Records from a dataset:
Segment Open

(* Let $E$ be a finite set and $\P$ a poset on $E$. Suppose $\mathcal{B}$ is the set of bases of some U-matroid with characteristic poset $\P$. Then $\mathcal{B}^*=\{E\setminus B: B\in\mathcal{B}\}$ is the set of bases of a U-matroid with characteristic poset $\P^*$ (the dual poset of $\P$, obtained by reversing all relations).
   Context: A U-matroid is a triple $(E,\mathcal{D},\rho)$ with $\mathcal{D}\subseteq2^E$ an accessible distributive lattice (containing $\emptyset,E$, closed under $\cup,\cap$, each nonempty $A\in\mathcal{D}$ has some $x$ with $A\setminus\{x\}\in\mathcal{D}$) and $\rho:\mathcal{D}\to\mathbb{N}$ satisfying $\rho(\emptyset)=0$; $\rho(A)\le\rho(B)$ for $A\subseteq B$; $\rho(A)+\rho(B)\ge\rho(A\cup B)+\rho(A\cap B)$; and $\rho(A\cup\{e\})-\rho(A)\le1$ whenever $A,A\cup\{e\}\in\mathcal{D}$. Its characteristic poset is the poset on $E$ with $i\le j$ iff every element of $\mathcal{D}$ containing $j$ also contains $i$ (so $\mathcal{D}$ is the lattice of order ideals of this poset). Its bases are the supports of the vertices of the base polyhedron $\{\mathbf{x}\in\mathbb{R}^E:\sum_{a\in A}x_a\le\rho(A)\ \forall A\in\mathcal{D},\ \sum_{e\in E}x_e=\rho(E)\}$. *)

theory Defs
  imports Complex_Main
begin

definition accessible_distrib_lattice :: "'a set \<Rightarrow> 'a set set \<Rightarrow> bool" where
  "accessible_distrib_lattice E D \<longleftrightarrow>
     D \<subseteq> Pow E \<and> {} \<in> D \<and> E \<in> D \<and>
     (\<forall>A\<in>D. \<forall>B\<in>D. A \<union> B \<in> D \<and> A \<inter> B \<in> D) \<and>
     (\<forall>A\<in>D. A \<noteq> {} \<longrightarrow> (\<exists>x\<in>A. A - {x} \<in> D))"

text \<open>U-matroid (E, D, rho); rho only matters on D.\<close>
definition umatroid :: "'a set \<Rightarrow> 'a set set \<Rightarrow> ('a set \<Rightarrow> nat) \<Rightarrow> bool" where
  "umatroid E D \<rho> \<longleftrightarrow>
     accessible_distrib_lattice E D \<and>
     \<rho> {} = 0 \<and>
     (\<forall>A\<in>D. \<forall>B\<in>D. A \<subseteq> B \<longrightarrow> \<rho> A \<le> \<rho> B) \<and>
     (\<forall>A\<in>D. \<forall>B\<in>D. \<rho> A + \<rho> B \<ge> \<rho> (A \<union> B) + \<rho> (A \<inter> B)) \<and>
     (\<forall>A\<in>D. \<forall>e. A \<union> {e} \<in> D \<longrightarrow> \<rho> (A \<union> {e}) \<le> \<rho> A + 1)"

text \<open>Characteristic poset: (i,j) in the relation means i \<le> j.\<close>
definition char_poset :: "'a set \<Rightarrow> 'a set set \<Rightarrow> ('a \<times> 'a) set" where
  "char_poset E D = {(i, j). i \<in> E \<and> j \<in> E \<and> (\<forall>A\<in>D. j \<in> A \<longrightarrow> i \<in> A)}"

definition base_polyhedron :: "'a set \<Rightarrow> 'a set set \<Rightarrow> ('a set \<Rightarrow> nat) \<Rightarrow> ('a \<Rightarrow> real) set" where
  "base_polyhedron E D \<rho> =
     {x. (\<forall>e. e \<notin> E \<longrightarrow> x e = 0) \<and>
         (\<forall>A\<in>D. (\<Sum>a\<in>A. x a) \<le> real (\<rho> A)) \<and>
         (\<Sum>e\<in>E. x e) = real (\<rho> E)}"

definition vertex_of :: "('a \<Rightarrow> real) \<Rightarrow> ('a \<Rightarrow> real) set \<Rightarrow> bool" where
  "vertex_of x P \<longleftrightarrow> x \<in> P \<and>
     (\<forall>a\<in>P. \<forall>b\<in>P. \<forall>u::real. 0 < u \<and> u < 1 \<and> x = (\<lambda>e. u * a e + (1 - u) * b e) \<longrightarrow> a = b)"

definition umatroid_bases :: "'a set \<Rightarrow> 'a set set \<Rightarrow> ('a set \<Rightarrow> nat) \<Rightarrow> 'a set set" where
  "umatroid_bases E D \<rho> =
     {{e \<in> E. x e \<noteq> 0} | x. vertex_of x (base_polyhedron E D \<rho>)}"

end

theory Submission
  imports Defs
begin

text \<open>Complementation \<open>A \<mapsto> E - A\<close> turns the order ideals of \<open>P\<close> into those of the
  reversed poset, and \<open>\<rho>*(X) = |X| + \<rho>(E - X) - \<rho>(E)\<close> is again a U-matroid rank function;
  everything rests on the bound \<open>\<rho>(B) \<le> \<rho>(A) + |B - A|\<close> for \<open>A \<subseteq> B\<close> in \<open>D\<close>, which
  accessibility yields by adding one element of \<open>B\<close> at a time.  The affine involution
  \<open>x \<mapsto> 1 - x\<close> on \<open>E\<close> maps the base polyhedron of \<open>\<rho>\<close> onto that of \<open>\<rho>*\<close>, hence vertices to
  vertices.  Finally every vertex is a 0/1 vector: its tight sets form a sublattice of \<open>D\<close>,
  and for each \<open>e\<close> either there are tight sets \<open>N\<close> and \<open>N + e\<close> with \<open>e \<notin> N\<close>, giving
  \<open>x(e) = \<rho>(N + e) - \<rho>(N) \<in> {0, 1}\<close>, or \<open>e\<close> lies in exactly the
  same tight sets as some \<open>f \<noteq> e\<close>, and shifting a little mass between \<open>e\<close> and \<open>f\<close> in either
  direction stays in the polyhedron, which is impossible at a vertex.  Hence complementing a
  vertex complements its support.\<close>

lemma accessible_distrib_latticeD:
  assumes "accessible_distrib_lattice E D"
  shows accessible_distrib_lattice_subset: "D \<subseteq> Pow E"
    and accessible_distrib_lattice_empty: "{} \<in> D"
    and accessible_distrib_lattice_top: "E \<in> D"
    and accessible_distrib_lattice_Un: "A \<in> D \<Longrightarrow> B \<in> D \<Longrightarrow> A \<union> B \<in> D"
    and accessible_distrib_lattice_Int: "A \<in> D \<Longrightarrow> B \<in> D \<Longrightarrow> A \<inter> B \<in> D"
    and accessible_distrib_lattice_remove: "A \<in> D \<Longrightarrow> A \<noteq> {} \<Longrightarrow> \<exists>x\<in>A. A - {x} \<in> D"
  using assms unfolding accessible_distrib_lattice_def by auto

lemma umatroidD:
  assumes "umatroid E D \<rho>"
  shows umatroid_lattice: "accessible_distrib_lattice E D"
    and umatroid_rank_empty: "\<rho> {} = 0"
    and umatroid_rank_mono: "A \<in> D \<Longrightarrow> B \<in> D \<Longrightarrow> A \<subseteq> B \<Longrightarrow> \<rho> A \<le> \<rho> B"
    and umatroid_rank_submodular:
      "A \<in> D \<Longrightarrow> B \<in> D \<Longrightarrow> \<rho> (A \<union> B) + \<rho> (A \<inter> B) \<le> \<rho> A + \<rho> B"
    and umatroid_rank_insert: "A \<in> D \<Longrightarrow> insert e A \<in> D \<Longrightarrow> \<rho> (insert e A) \<le> \<rho> A + 1"
  using assms unfolding umatroid_def by auto

lemma accessible_distrib_lattice_finite:
  assumes "accessible_distrib_lattice E D" and "finite E" and "A \<in> D"
  shows "finite A"
proof -
  have "A \<subseteq> E"
    using accessible_distrib_lattice_subset[OF assms(1)] assms(3) by blast
  then show ?thesis
    using assms(2) by (rule finite_subset)
qed

section \<open>Rank increments along accessible chains\<close>

lemma accessible_distrib_lattice_augment:
  assumes lat: "accessible_distrib_lattice E D" and "finite E" and A: "A \<in> D"
  shows "C \<in> D \<Longrightarrow> \<not> C \<subseteq> A \<Longrightarrow> \<exists>x\<in>C - A. insert x A \<in> D"
proof (induction "card C" arbitrary: C rule: less_induct)
  case less
  then obtain y where y: "y \<in> C" "C - {y} \<in> D"
    using accessible_distrib_lattice_remove[OF lat] by blast
  show ?case
  proof (cases "C - {y} \<subseteq> A")
    case True
    then have "y \<in> C - A" and "insert y A = A \<union> C"
      using y less.prems(2) by blast+
    then show ?thesis
      using accessible_distrib_lattice_Un[OF lat A less.prems(1)] by metis
  next
    case False
    have "finite C"
      using accessible_distrib_lattice_finite[OF lat \<open>finite E\<close> less.prems(1)] .
    then have "card (C - {y}) < card C"
      using y(1) by (rule card_Diff1_less)
    then obtain x where "x \<in> C - {y} - A" "insert x A \<in> D"
      using less.hyps y(2) False by blast
    then show ?thesis
      by blast
  qed
qed

lemma umatroid_rank_le_card_diff:
  assumes um: "umatroid E D \<rho>" and "finite E"
  shows "A \<in> D \<Longrightarrow> B \<in> D \<Longrightarrow> A \<subseteq> B \<Longrightarrow> \<rho> B \<le> \<rho> A + card (B - A)"
proof (induction "card (B - A)" arbitrary: A rule: less_induct)
  case less
  show ?case
  proof (cases "B \<subseteq> A")
    case True
    with less.prems show ?thesis by simp
  next
    case False
    obtain x where x: "x \<in> B - A" "insert x A \<in> D"
      using accessible_distrib_lattice_augment[OF umatroid_lattice[OF um] \<open>finite E\<close>]
        less.prems False by blast
    have "finite (B - A)"
      using accessible_distrib_lattice_finite[OF umatroid_lattice[OF um] \<open>finite E\<close>
          less.prems(2)] by simp
    moreover have "B - insert x A = B - A - {x}"
      by blast
    ultimately have card_eq: "card (B - A) = Suc (card (B - insert x A))"
      using card_Suc_Diff1 x(1) by metis
    have "insert x A \<subseteq> B"
      using x(1) less.prems(3) by blast
    then have "\<rho> B \<le> \<rho> (insert x A) + card (B - insert x A)"
      using less.hyps[OF _ x(2) less.prems(2)] card_eq by simp
    moreover have "\<rho> (insert x A) \<le> \<rho> A + 1"
      using umatroid_rank_insert[OF um less.prems(1) x(2)] .
    ultimately show ?thesis
      using card_eq by simp
  qed
qed

lemma umatroid_rank_top_le:
  assumes um: "umatroid E D \<rho>" and "finite E" and "A \<in> D"
  shows "\<rho> E \<le> \<rho> A + card (E - A)"
  using umatroid_rank_le_card_diff[OF assms
      accessible_distrib_lattice_top[OF umatroid_lattice[OF um]]]
    accessible_distrib_lattice_subset[OF umatroid_lattice[OF um]] \<open>A \<in> D\<close> by blast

Segment Closed

EXERCISE DIRECTIONS. Where the string "simp" appears in a line of the entries, count that line, and state the total alone.

THE ANSWER. 4